De acordo com especialistas, a maneira mais eficiente de combater a violência contra crianças é por meio de denúncias e elas podem ser feitas pelo Disque 100. O serviço é uma espécie de “pronto socorro” dos direitos fundamentais porque atende também violações que acabaram de ocorrer ou que ainda estão em curso e aciona os órgãos competentes, com a possibilidade de promover o flagrante. Das denúncias registradas no Disque 100 em 2019, 55% delas envolviam crianças ou adolescentes. Foram 86.837 chamadas deste tipo – 3.194 delas em Santa Catarina. Negligência, violência psicológica, física, sexual, institucional e exploração do trabalho são as principais violações.
Nos meses de março, abril e maio de 2020, o PJSC registrou o ingresso de 585 ações relativas a estupro de vulnerável, o que significa mais de seis por dia, inclusive aos sábados e domingos. Um aumento de 62% em comparação com o mesmo período do ano anterior. O crime é caracterizado quando um adulto tem conjunção carnal ou pratica ato libidinoso com menor de 14 anos.
Conforme alguns estudos, a estimativa de subnotificação nestes casos é igualmente impressionante: apenas 10% dos delitos sexuais são notificados. Por isso é importante conhecer os caminhos para proteger a vítima e denunciar o agressor. Apesar dos números trágicos, o Brasil tem uma legislação de proteção à infância muito avançada.
A revolução do ECA
Pode parecer estranho, mas antes da entrada em vigor do Estatuto da Criança e do Adolescente (ECA), em 1990, as pessoas com menos de 18 anos no Brasil não eram consideradas “sujeitos com direitos”, mas apenas objeto de medidas judiciais. A legislação anterior, o Código de Menores, não valia para todos, só para aqueles que estavam em “situação irregular” e também não fazia distinção entre os que haviam sofrido alguma violação e os que tinham cometido algum ato infracional. Aliás, a lei não fazia distinção entre crianças e adolescentes – todos eram chamados de “menores”.

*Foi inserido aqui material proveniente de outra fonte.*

lemma trace_sum_atoms_below:
  assumes F: "finite F" "F \<subseteq> atoms A"
    and X: "\<And>a. a \<in> F \<Longrightarrow> a (X a) = X a" "\<And>a. a \<in> F \<Longrightarrow> norm (X a) = 1"
    and G: "q \<in> projections A" "finite G" "G \<subseteq> atoms A" "q = (\<lambda>x. \<Sum>b\<in>G. b x)"
    and below: "proj_le q (\<lambda>x. \<Sum>a\<in>F. a x)"
  shows "(\<Sum>a\<in>F. q (X a) \<bullet> X a) = card G"
proof -
  have G_proj: "G \<subseteq> projections A"
    using G(3) atoms_subset_projections by blast
  have "proj_le b (\<lambda>x. \<Sum>a\<in>F. a x)" if "b \<in> G" for b
    using proj_le_trans[OF proj_le_summand[OF G(1,2) G_proj G(4) that] below] by blast
  then have "(\<Sum>a\<in>F. b (X a) \<bullet> X a) = 1" if "b \<in> G" for b
    using trace_atom_below[OF F X] that G(3) by blast
  then have "(\<Sum>b\<in>G. \<Sum>a\<in>F. b (X a) \<bullet> X a) = card G"
    by simp
  then show ?thesis
    unfolding G(4) by (simp add: inner_sum_left sum.swap[of _ G])
qed

lemma no_descending_chain_if_purely_atomic:
  assumes "purely_atomic A"
  shows "\<not> (\<exists>f. \<forall>n. f n \<in> projections A \<and> proj_less (f (Suc n)) (f n))"
proof
  assume "\<exists>f. \<forall>n. f n \<in> projections A \<and> proj_less (f (Suc n)) (f n)"
  then obtain f where f: "\<And>n. f n \<in> projections A" "\<And>n. proj_less (f (Suc n)) (f n)"
    by blast
  obtain F where F: "finite F" "F \<subseteq> atoms A" "f 0 = (\<lambda>x. \<Sum>a\<in>F. a x)"
    using assms f(1) unfolding purely_atomic_def by blast
  have "\<forall>a\<in>F. \<exists>v. a v = v \<and> norm v = 1"
    using atom_unit_vector F(2) by (metis subsetD)
  then obtain X where X: "\<And>a. a \<in> F \<Longrightarrow> a (X a) = X a" "\<And>a. a \<in> F \<Longrightarrow> norm (X a) = 1"
    by metis
  define trace where "trace q = (\<Sum>a\<in>F. q (X a) \<bullet> X a)" for q
  have below: "proj_le (f n) (f 0)" for n
    using proj_le_descending_chain_start f by blast
  have drop: "trace (f (Suc n)) + 1 \<le> trace (f n)" for n
  proof -
    define d where "d = (\<lambda>x. f n x - f (Suc n) x)"
    have "proj_le (f (Suc n)) (f n)" "f (Suc n) \<noteq> f n"
      using f(2)[of n] unfolding proj_less_def by auto
    then have d: "d \<in> projections A" "proj_le d (f 0)"
      using diff_proj[OF f(1) f(1)] proj_le_trans below unfolding d_def by blast+
    obtain G where G: "finite G" "G \<subseteq> atoms A" "d = (\<lambda>x. \<Sum>b\<in>G. b x)"
      using assms d(1) unfolding purely_atomic_def by blast
    have "G \<noteq> {}"
      using G(3) \<open>f (Suc n) \<noteq> f n\<close> unfolding d_def by (auto simp: fun_eq_iff)
    then have "1 \<le> trace d"
      using trace_sum_atoms_below[OF F(1,2) X d(1) G] d(2) F(3) G(1) unfolding trace_def
      by (simp add: Suc_le_eq card_gt_0_iff)
    moreover have "trace d = trace (f n) - trace (f (Suc n))"
      unfolding trace_def d_def by (simp add: inner_diff_left sum_subtractf)
    ultimately show ?thesis
      by simp
  qed
  have "trace (f n) + n \<le> trace (f 0)" for n
    using drop by (induction n) (auto intro: order_trans[rotated])
  moreover have "0 \<le> trace (f n)" for n
    unfolding trace_def using proj_inner_self[OF f(1)] by (simp add: sum_nonneg)
  moreover obtain n where "trace (f 0) < real n"
    using reals_Archimedean2 by blast
  ultimately show False
    by (smt (verit))
qed

end

theorem proposition5p8:
  fixes J :: "'h::{real_inner,complete_space} \<Rightarrow> 'h" and A :: "('h \<Rightarrow> 'h) set"
  assumes "R_star_algebra J A"
  shows "purely_atomic A \<longleftrightarrow>
           \<not> (\<exists>f :: nat \<Rightarrow> ('h \<Rightarrow> 'h). \<forall>n. f n \<in> projections A \<and> proj_less (f (Suc n)) (f n))"
proof -
  interpret R_star_subalgebra J A
    using assms unfolding R_star_algebra_def by unfold_locales auto
  show ?thesis
    using purely_atomic_if_no_descending_chain no_descending_chain_if_purely_atomic by blast
qed

end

O ECA rompe com a Doutrina da Situação Irregular, implementa o princípio da Proteção Integral e traz, para o campo da infância e juventude, os direitos humanos já reconhecidos para os maiores de 18 anos desde 1948. A doutrina da proteção integral é direcionada a todas as crianças e adolescentes e se constitui, segundo a juíza Ana Cristina Borba Alves, da Vara da Infância e Juventude da comarca de São José, “em um programa de ação que assegura, com absoluta prioridade, os direitos individuais e as garantias fundamentais inerentes à criança e ao adolescente, enquanto sujeitos de direito”. Ou seja, cidadãos que merecem proteção especial.
O Estatuto define que crianças e adolescentes têm prioridade absoluta para receber proteção e socorro em quaisquer circunstâncias, no atendimento de serviços públicos, na formulação e na execução de políticas públicas e na destinação de recursos. O Estatuto convoca a família, a sociedade e o Estado para atuarem de forma conjunta na defesa da infância e juventude. O Estatuto criou o Conselho Tutelar.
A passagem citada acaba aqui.